$\Newextarrow{\xhookrightarrow}{10,10}{0x21AA}$
Corollary 4.8.8.23. Let $F: \operatorname{\mathcal{C}}\rightarrow \operatorname{\mathcal{D}}$ be a functor of $\infty $-categories. For every integer $n$, the following conditions are equivalent:
- $(1)$
The functor $F$ is essentially $n$-categorical.
- $(2)$
The functor $F$ factors as a composition $\operatorname{\mathcal{C}}\xrightarrow {F'} \operatorname{\mathcal{D}}' \xrightarrow {G} \operatorname{\mathcal{D}}$, where $F'$ is an equivalence of $\infty $-categories and $G$ is an $n$-categorical isofibration.
Proof.
The implication $(2) \Rightarrow (1)$ follows from Proposition 4.8.6.35 (together with Remark 4.8.5.18). To prove the converse, we may assume without loss of generality that $F$ is an isofibration (Corollary 4.5.2.23).

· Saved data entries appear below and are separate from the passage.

(* Let $n\ge2$ and let $F:(0,\pi)\to(0,\infty)$ be strictly decreasing. Let $x_1,\dots,x_n$ be distinct points on the unit circle $S^1$, listed in counterclockwise cyclic order, and suppose every particle is in tangential equilibrium under the force law described in the context. Then the arc distance $d(x_i,x_{(i \bmod n)+1})$ between cyclically consecutive particles is the same for all $i=1,\dots,n$.
   Context: For $p,q\in S^1$ let $d(p,q)\in[0,\pi]$ be the geodesic (arc-length) distance. A particle at $q$ exerts on a particle at $p\ne q$ a force tangent to $S^1$ at $p$ of magnitude $F(d(p,q))$, directed away from $q$ along the shorter arc from $q$ to $p$, if $d(p,q)<\pi$; an antipodal particle ($d(p,q)=\pi$) exerts no tangential force. The particle at $x_i$ is in equilibrium if the sum of the (signed, tangential) forces exerted on it by all the other particles $x_j$, $j\ne i$, is zero, i.e. the total force from particles in the open counterclockwise half-circle from $x_i$ equals the total force from particles in the open clockwise half-circle from $x_i$. *)

theory Defs
  imports Complex_Main
begin

text \<open>Points of the unit circle S^1 are represented by angles (real numbers,
  taken modulo 2 pi); the angle t stands for the point (cos t, sin t).\<close>

definition ccw_angle :: "real \<Rightarrow> real \<Rightarrow> real" where
  "ccw_angle a b = (b - a) - 2 * pi * of_int \<lfloor>(b - a) / (2 * pi)\<rfloor>"

definition arc_dist :: "real \<Rightarrow> real \<Rightarrow> real" where
  "arc_dist a b = min (ccw_angle a b) (2 * pi - ccw_angle a b)"

text \<open>Signed tangential force (positive = counterclockwise) exerted by a particle
  at q on a particle at p: magnitude F(d(p,q)), directed away from q along the
  shorter arc; zero if p and q are antipodal (or equal).\<close>
definition tforce :: "(real \<Rightarrow> real) \<Rightarrow> real \<Rightarrow> real \<Rightarrow> real" where
  "tforce F p q =
     (if 0 < ccw_angle p q \<and> ccw_angle p q < pi then - F (arc_dist p q)
      else if pi < ccw_angle p q then F (arc_dist p q)
      else 0)"

definition in_equilibrium :: "(real \<Rightarrow> real) \<Rightarrow> nat \<Rightarrow> (nat \<Rightarrow> real) \<Rightarrow> nat \<Rightarrow> bool" where
  "in_equilibrium F n x i \<longleftrightarrow> (\<Sum>j\<in>{1..n} - {i}. tforce F (x i) (x j)) = 0"

end

theory Submission
  imports Defs
begin

text \<open>Regard the force on a particle as a function of the counterclockwise angle
  to the other particle; monotonicity of F makes this function strictly increasing on
  (0, 2 pi). Let x_m be a particle whose gap to its successor x_m' is smallest. Pair
  each other particle x_j with its successor x_j'. The angle from x_m' to x_j' exceeds
  the angle from x_m to x_j by gap j - gap m \<ge> 0, so every term in the equilibrium
  sum at x_m' dominates the corresponding term at x_m. Both sums vanish, so all terms
  agree and all gaps equal the minimal one.\<close>

lemma strict_mono_on_atLeastAtMostI:
  fixes f :: "nat \<Rightarrow> 'a::order"
  assumes step: "\<And>i. a \<le> i \<Longrightarrow> i < b \<Longrightarrow> f i < f (Suc i)"
  shows "strict_mono_on {a..b} f"
proof (rule strict_mono_onI)
  fix i j assume "i \<in> {a..b}" "j \<in> {a..b}" "i < j"
  then have "Suc i \<le> j" "j \<le> b" "a \<le> i" by auto
  then show "f i < f j"
  proof (induction j rule: dec_induct)
    case base
    then show ?case using step by simp
  next
    case (step k)
    then have "f k < f (Suc k)" using assms by simp
    with step show ?case by simp
  qed
qed

lemma ccw_angle_eq_frac: "ccw_angle a b = 2 * pi * frac ((b - a) / (2 * pi))"
  by (simp add: ccw_angle_def frac_def field_simps)

lemma ccw_angle_bounds: "0 \<le> ccw_angle a b \<and> ccw_angle a b < 2 * pi"
  using frac_ge_0 frac_lt_1 by (simp add: ccw_angle_eq_frac)

lemma ccw_angle_eq_diff:
  assumes "a \<le> b" "b < a + 2 * pi"
  shows "ccw_angle a b = b - a"
proof -
  have "\<lfloor>(b - a) / (2 * pi)\<rfloor> = 0"
    using assms by (simp add: floor_eq_iff field_simps)
  then show ?thesis by (simp add: ccw_angle_def)
qed

lemma ccw_angle_eq_diff_add:
  assumes "b < a" "a \<le> b + 2 * pi"
  shows "ccw_angle a b = b - a + 2 * pi"
proof -
  have "\<lfloor>(b - a) / (2 * pi)\<rfloor> = -1"
    using assms by (simp add: floor_eq_iff field_simps)
  then show ?thesis by (simp add: ccw_angle_def)
qed

lemma cyclic_succ_wrap_count:
  fixes i j n :: nat
  assumes "i \<in> {1..n}" "j \<in> {1..n}" "i \<noteq> j"
  shows "of_bool (j mod n + 1 < i mod n + 1) + of_bool (i mod n + 1 < i)
       = (of_bool (j < i) + of_bool (j mod n + 1 < j) :: 'a::semiring_1)"
  using assms by (cases "i = n"; cases "j = n") auto

lemma cyclic_succ_eq:
  fixes j n :: nat
  assumes "1 \<le> j" "j \<le> n"
  shows "j mod n + 1 = (if j = n then 1 else j + 1)"
  using assms by (auto simp: le_less)

lemma bij_betw_cyclic_succ: "bij_betw (\<lambda>j::nat. j mod n + 1) {1..n} {1..n}"
proof -
  have "bij_betw (\<lambda>j. if j = n then 1 else j + 1) {1..n} {1..n}"
    by (rule bij_betw_byWitness[where f' = "\<lambda>k. if k = 1 then n else k - 1"]) auto
  then show ?thesis
    by (rule bij_betw_cong[THEN iffD2, rotated]) (simp add: cyclic_succ_eq)
qed

lemma cyclic_succ_in: "j \<in> {1..n} \<Longrightarrow> j mod n + 1 \<in> {1..(n::nat)}"
  by (rule bij_betw_apply[OF bij_betw_cyclic_succ])

lemma cyclic_succ_inj: "i \<in> {1..n} \<Longrightarrow> j \<in> {1..n} \<Longrightarrow> i mod n + 1 = j mod n + 1 \<Longrightarrow> i = (j::nat)"
  by (rule inj_onD[OF bij_betw_imp_inj_on[OF bij_betw_cyclic_succ]])

definition ccw_force :: "(real \<Rightarrow> real) \<Rightarrow> real \<Rightarrow> real" where
  "ccw_force F t = (if t < pi then - F t else if pi < t then F (2 * pi - t) else 0)"

lemma tforce_eq_ccw_force:
  assumes "0 < ccw_angle p q"
  shows "tforce F p q = ccw_force F (ccw_angle p q)"
  using assms ccw_angle_bounds[of p q]
  by (auto simp: tforce_def ccw_force_def arc_dist_def min_def)

lemma ccw_force_strict_mono:
  assumes F_pos: "\<And>t. 0 < t \<Longrightarrow> t < pi \<Longrightarrow> 0 < F t"
    and F_decr: "\<And>s t. 0 < s \<Longrightarrow> s < t \<Longrightarrow> t < pi \<Longrightarrow> F t < F s"
  shows "strict_mono_on {0<..<2 * pi} (ccw_force F)"
proof (rule strict_mono_onI)
  fix a b :: real assume "a \<in> {0<..<2 * pi}" "b \<in> {0<..<2 * pi}" "a < b"
  then have ab: "0 < a" "a < b" "b < 2 * pi" by auto
  consider "b < pi" | "a < pi" "pi \<le> b" | "a = pi" | "pi < a" by linarith
  then show "ccw_force F a < ccw_force F b"
  proof cases
    case 1
    then show ?thesis using ab F_decr by (simp add: ccw_force_def)
  next
    case 2
    then show ?thesis using ab F_pos[of a] F_pos[of "2 * pi - b"] by (auto simp: ccw_force_def)
  next
    case 3
    then show ?thesis using ab F_pos[of "2 * pi - b"] by (simp add: ccw_force_def)
  next
    case 4
    then show ?thesis using ab F_decr[of "2 * pi - b" "2 * pi - a"] by (simp add: ccw_force_def)
  qed
qed

locale ccw_sorted =
  fixes n :: nat and x :: "nat \<Rightarrow> real"
  assumes sorted: "strict_mono_on {1..n} x"
    and wrap: "x n < x 1 + 2 * pi"
begin

definition gap :: "nat \<Rightarrow> real" where
  "gap j = ccw_angle (x j) (x (j mod n + 1))"

lemma ccw_angle_sorted:
  assumes "i \<in> {1..n}" "j \<in> {1..n}"
  shows "ccw_angle (x i) (x j) = x j - x i + 2 * pi * of_bool (j < i)"
proof (cases "j < i")
  case True
  have "x 1 \<le> x j" "x i \<le> x n" "x j < x i"
    using assms True by (auto intro: strict_mono_on_leD[OF sorted] strict_mono_onD[OF sorted])
  then show ?thesis using True wrap by (simp add: ccw_angle_eq_diff_add)
next
  case False
  have "x 1 \<le> x i" "x j \<le> x n" "x i \<le> x j"
    using assms False by (auto intro: strict_mono_on_leD[OF sorted])
  then show ?thesis using False wrap by (simp add: ccw_angle_eq_diff)
qed

lemma ccw_angle_sorted_pos:
  assumes "i \<in> {1..n}" "j \<in> {1..n}" "i \<noteq> j"
  shows "0 < ccw_angle (x i) (x j)"
proof (cases "j < i")
  case True
  have "x 1 \<le> x j" "x i \<le> x n"
    using assms by (auto intro: strict_mono_on_leD[OF sorted])
  then show ?thesis using True wrap ccw_angle_sorted[OF assms(1,2)] by simp
next
  case False
  then have "x i < x j"
    using assms by (auto intro: strict_mono_onD[OF sorted])
  then show ?thesis using False ccw_angle_sorted[OF assms(1,2)] by simp
qed

lemma ccw_angle_succ_shift:
  assumes "i \<in> {1..n}" "j \<in> {1..n}" "i \<noteq> j"
  shows "ccw_angle (x (i mod n + 1)) (x (j mod n + 1)) + gap i = ccw_angle (x i) (x j) + gap j"
proof -
  define i' where "i' = i mod n + 1"
  define j' where "j' = j mod n + 1"
  have "i' \<in> {1..n}" "j' \<in> {1..n}"
    unfolding i'_def j'_def by (intro cyclic_succ_in assms)+
  then have "ccw_angle (x i') (x j') = x j' - x i' + 2 * pi * of_bool (j' < i')"
    "ccw_angle (x i) (x i') = x i' - x i + 2 * pi * of_bool (i' < i)"
    "ccw_angle (x j) (x j') = x j' - x j + 2 * pi * of_bool (j' < j)"
    "ccw_angle (x i) (x j) = x j - x i + 2 * pi * of_bool (j < i)"
    using assms by (simp_all add: ccw_angle_sorted)
  moreover have "2 * pi * of_bool (j' < i') + 2 * pi * of_bool (i' < i)
      = 2 * pi * of_bool (j < i) + (2 * pi * of_bool (j' < j) :: real)"
    using cyclic_succ_wrap_count[OF assms, where 'a = real]
    unfolding i'_def j'_def by (metis distrib_left)
  ultimately show ?thesis
    unfolding gap_def i'_def[symmetric] j'_def[symmetric] by linarith
qed

lemma in_equilibrium_iff:
  assumes "i \<in> {1..n}"
  shows "in_equilibrium F n x i \<longleftrightarrow> (\<Sum>j\<in>{1..n} - {i}. ccw_force F (ccw_angle (x i) (x j))) = 0"
proof -
  have "(\<Sum>j\<in>{1..n} - {i}. tforce F (x i) (x j))
      = (\<Sum>j\<in>{1..n} - {i}. ccw_force F (ccw_angle (x i) (x j)))"
    using assms by (intro sum.cong refl tforce_eq_ccw_force ccw_angle_sorted_pos) auto
  then show ?thesis
    unfolding in_equilibrium_def by simp
qed

lemma in_equilibrium_succ_iff:
  assumes "m \<in> {1..n}"
  shows "in_equilibrium F n x (m mod n + 1) \<longleftrightarrow>
    (\<Sum>j\<in>{1..n} - {m}. ccw_force F (ccw_angle (x (m mod n + 1)) (x (j mod n + 1)))) = 0"
proof -
  have "bij_betw (\<lambda>j. j mod n + 1) ({1..n} - {m}) ({1..n} - {m mod n + 1})"
    using assms cyclic_succ_in[OF assms]
    by (intro bij_betw_DiffI bij_betw_cyclic_succ) auto
  then have "(\<Sum>j\<in>{1..n} - {m}. ccw_force F (ccw_angle (x (m mod n + 1)) (x (j mod n + 1))))
      = (\<Sum>j\<in>{1..n} - {m mod n + 1}. ccw_force F (ccw_angle (x (m mod n + 1)) (x j)))"
    by (rule sum.reindex_bij_betw)
  then show ?thesis
    using in_equilibrium_iff[OF cyclic_succ_in[OF assms]] by simp
qed

lemma gap_eq_if_equilibrium:
  assumes F_pos: "\<And>t. 0 < t \<Longrightarrow> t < pi \<Longrightarrow> 0 < F t"
    and F_decr: "\<And>s t. 0 < s \<Longrightarrow> s < t \<Longrightarrow> t < pi \<Longrightarrow> F t < F s"
    and equil: "\<And>i. i \<in> {1..n} \<Longrightarrow> in_equilibrium F n x i"
    and "i \<in> {1..n}" "k \<in> {1..n}"
  shows "gap i = gap k"
proof -
  define m where "m = arg_min_on gap {1..n}"
  have ne: "{1..n} \<noteq> {}"
    using assms(4) by auto
  have m: "m \<in> {1..n}"
    unfolding m_def by (rule arg_min_if_finite(1)[OF finite_atLeastAtMost ne])
  have gap_min: "gap m \<le> gap j" if "j \<in> {1..n}" for j
    unfolding m_def by (rule arg_min_least[OF finite_atLeastAtMost ne that])
  define D where "D j = ccw_angle (x m) (x j)" for j
  define C where "C j = ccw_angle (x (m mod n + 1)) (x (j mod n + 1))" for j
  let ?J = "{1..n} - {m}"
  have mono: "strict_mono_on {0<..<2 * pi} (ccw_force F)"
    using F_pos F_decr by (rule ccw_force_strict_mono)
  have D_range: "D j \<in> {0<..<2 * pi}" and C_range: "C j \<in> {0<..<2 * pi}" if j: "j \<in> ?J" for j
  proof -
    have "j \<in> {1..n}" "j \<noteq> m" using j by auto
    moreover from this have "j mod n + 1 \<noteq> m mod n + 1"
      using cyclic_succ_inj m by blast
    ultimately have "0 < D j" "0 < C j"
      unfolding D_def C_def using m cyclic_succ_in by (simp_all add: ccw_angle_sorted_pos)
    then show "D j \<in> {0<..<2 * pi}" "C j \<in> {0<..<2 * pi}"
      unfolding D_def C_def using ccw_angle_bounds by auto
  qed
  have shift: "C j + gap m = D j + gap j" if "j \<in> ?J" for j
    unfolding C_def D_def using ccw_angle_succ_shift[of m j] that m by simp
  have force_le: "ccw_force F (D j) \<le> ccw_force F (C j)" if j: "j \<in> ?J" for j
  proof (rule strict_mono_on_leD[OF mono D_range[OF j] C_range[OF j]])
    show "D j \<le> C j" using shift[OF j] gap_min[of j] j by simp
  qed
  have "(\<Sum>j\<in>?J. ccw_force F (D j)) = 0"
    using equil[OF m] in_equilibrium_iff[OF m] unfolding D_def by simp
  moreover have "(\<Sum>j\<in>?J. ccw_force F (C j)) = 0"
    using equil[OF cyclic_succ_in[OF m]] in_equilibrium_succ_iff[OF m] unfolding C_def by simp
  ultimately have sums_eq: "(\<Sum>j\<in>?J. ccw_force F (D j)) = (\<Sum>j\<in>?J. ccw_force F (C j))"
    by simp
  have "C j = D j" if j: "j \<in> ?J" for j
  proof -
    have "ccw_force F (D j) = ccw_force F (C j)"
      by (rule sum_mono_inv[OF sums_eq force_le j]) auto
    then show ?thesis
      using strict_mono_on_eqD[OF mono _ D_range[OF j] C_range[OF j]] by simp
  qed
  then have "gap j = gap m" if "j \<in> {1..n}" for j
    using shift that by (cases "j = m") force+
  then show ?thesis
    using assms(4,5) by simp
qed

end

theorem mainTheorem3:
  fixes n :: nat and F :: "real \<Rightarrow> real" and x :: "nat \<Rightarrow> real"
  assumes n2: "n \<ge> 2"
    and F_pos: "\<forall>t. 0 < t \<and> t < pi \<longrightarrow> 0 < F t"
    and F_decr: "\<forall>s t. 0 < s \<and> s < t \<and> t < pi \<longrightarrow> F t < F s"
    and ccw_order: "\<forall>i. 1 \<le> i \<and> i < n \<longrightarrow> x i < x (i + 1)"
    and ccw_wrap: "x n < x 1 + 2 * pi"
    and equil: "\<forall>i\<in>{1..n}. in_equilibrium F n x i"
  shows "\<forall>i\<in>{1..n}. \<forall>k\<in>{1..n}.
           arc_dist (x i) (x (i mod n + 1)) = arc_dist (x k) (x (k mod n + 1))"
proof -
  have "strict_mono_on {1..n} x"
    using ccw_order by (intro strict_mono_on_atLeastAtMostI) simp
  then interpret ccw_sorted n x
    using ccw_wrap by unfold_locales
  have gaps_eq: "gap i = gap k" if "i \<in> {1..n}" "k \<in> {1..n}" for i k
    using that F_pos F_decr equil by (intro gap_eq_if_equilibrium[of F]) simp_all
  show ?thesis
    unfolding arc_dist_def gap_def[symmetric] using gaps_eq by (intro ballI) metis
qed

end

In this case, the factorization $\operatorname{\mathcal{C}}\xrightarrow {F'} \mathrm{h}_{\mathit{\leq n}}\mathit{(\operatorname{\mathcal{C}}/\operatorname{\mathcal{D}})} \xrightarrow {G} \operatorname{\mathcal{D}}$ of Remark 4.8.8.15 has the desired properties: Proposition 4.8.8.22 guarantees that $F'$ is an equivalence of $\infty $-categories, Proposition 4.8.8.21 guarantees that $G$ is an isofibration, and Proposition 4.8.8.14 guarantees that $G$ is $n$-categorical.
$\square$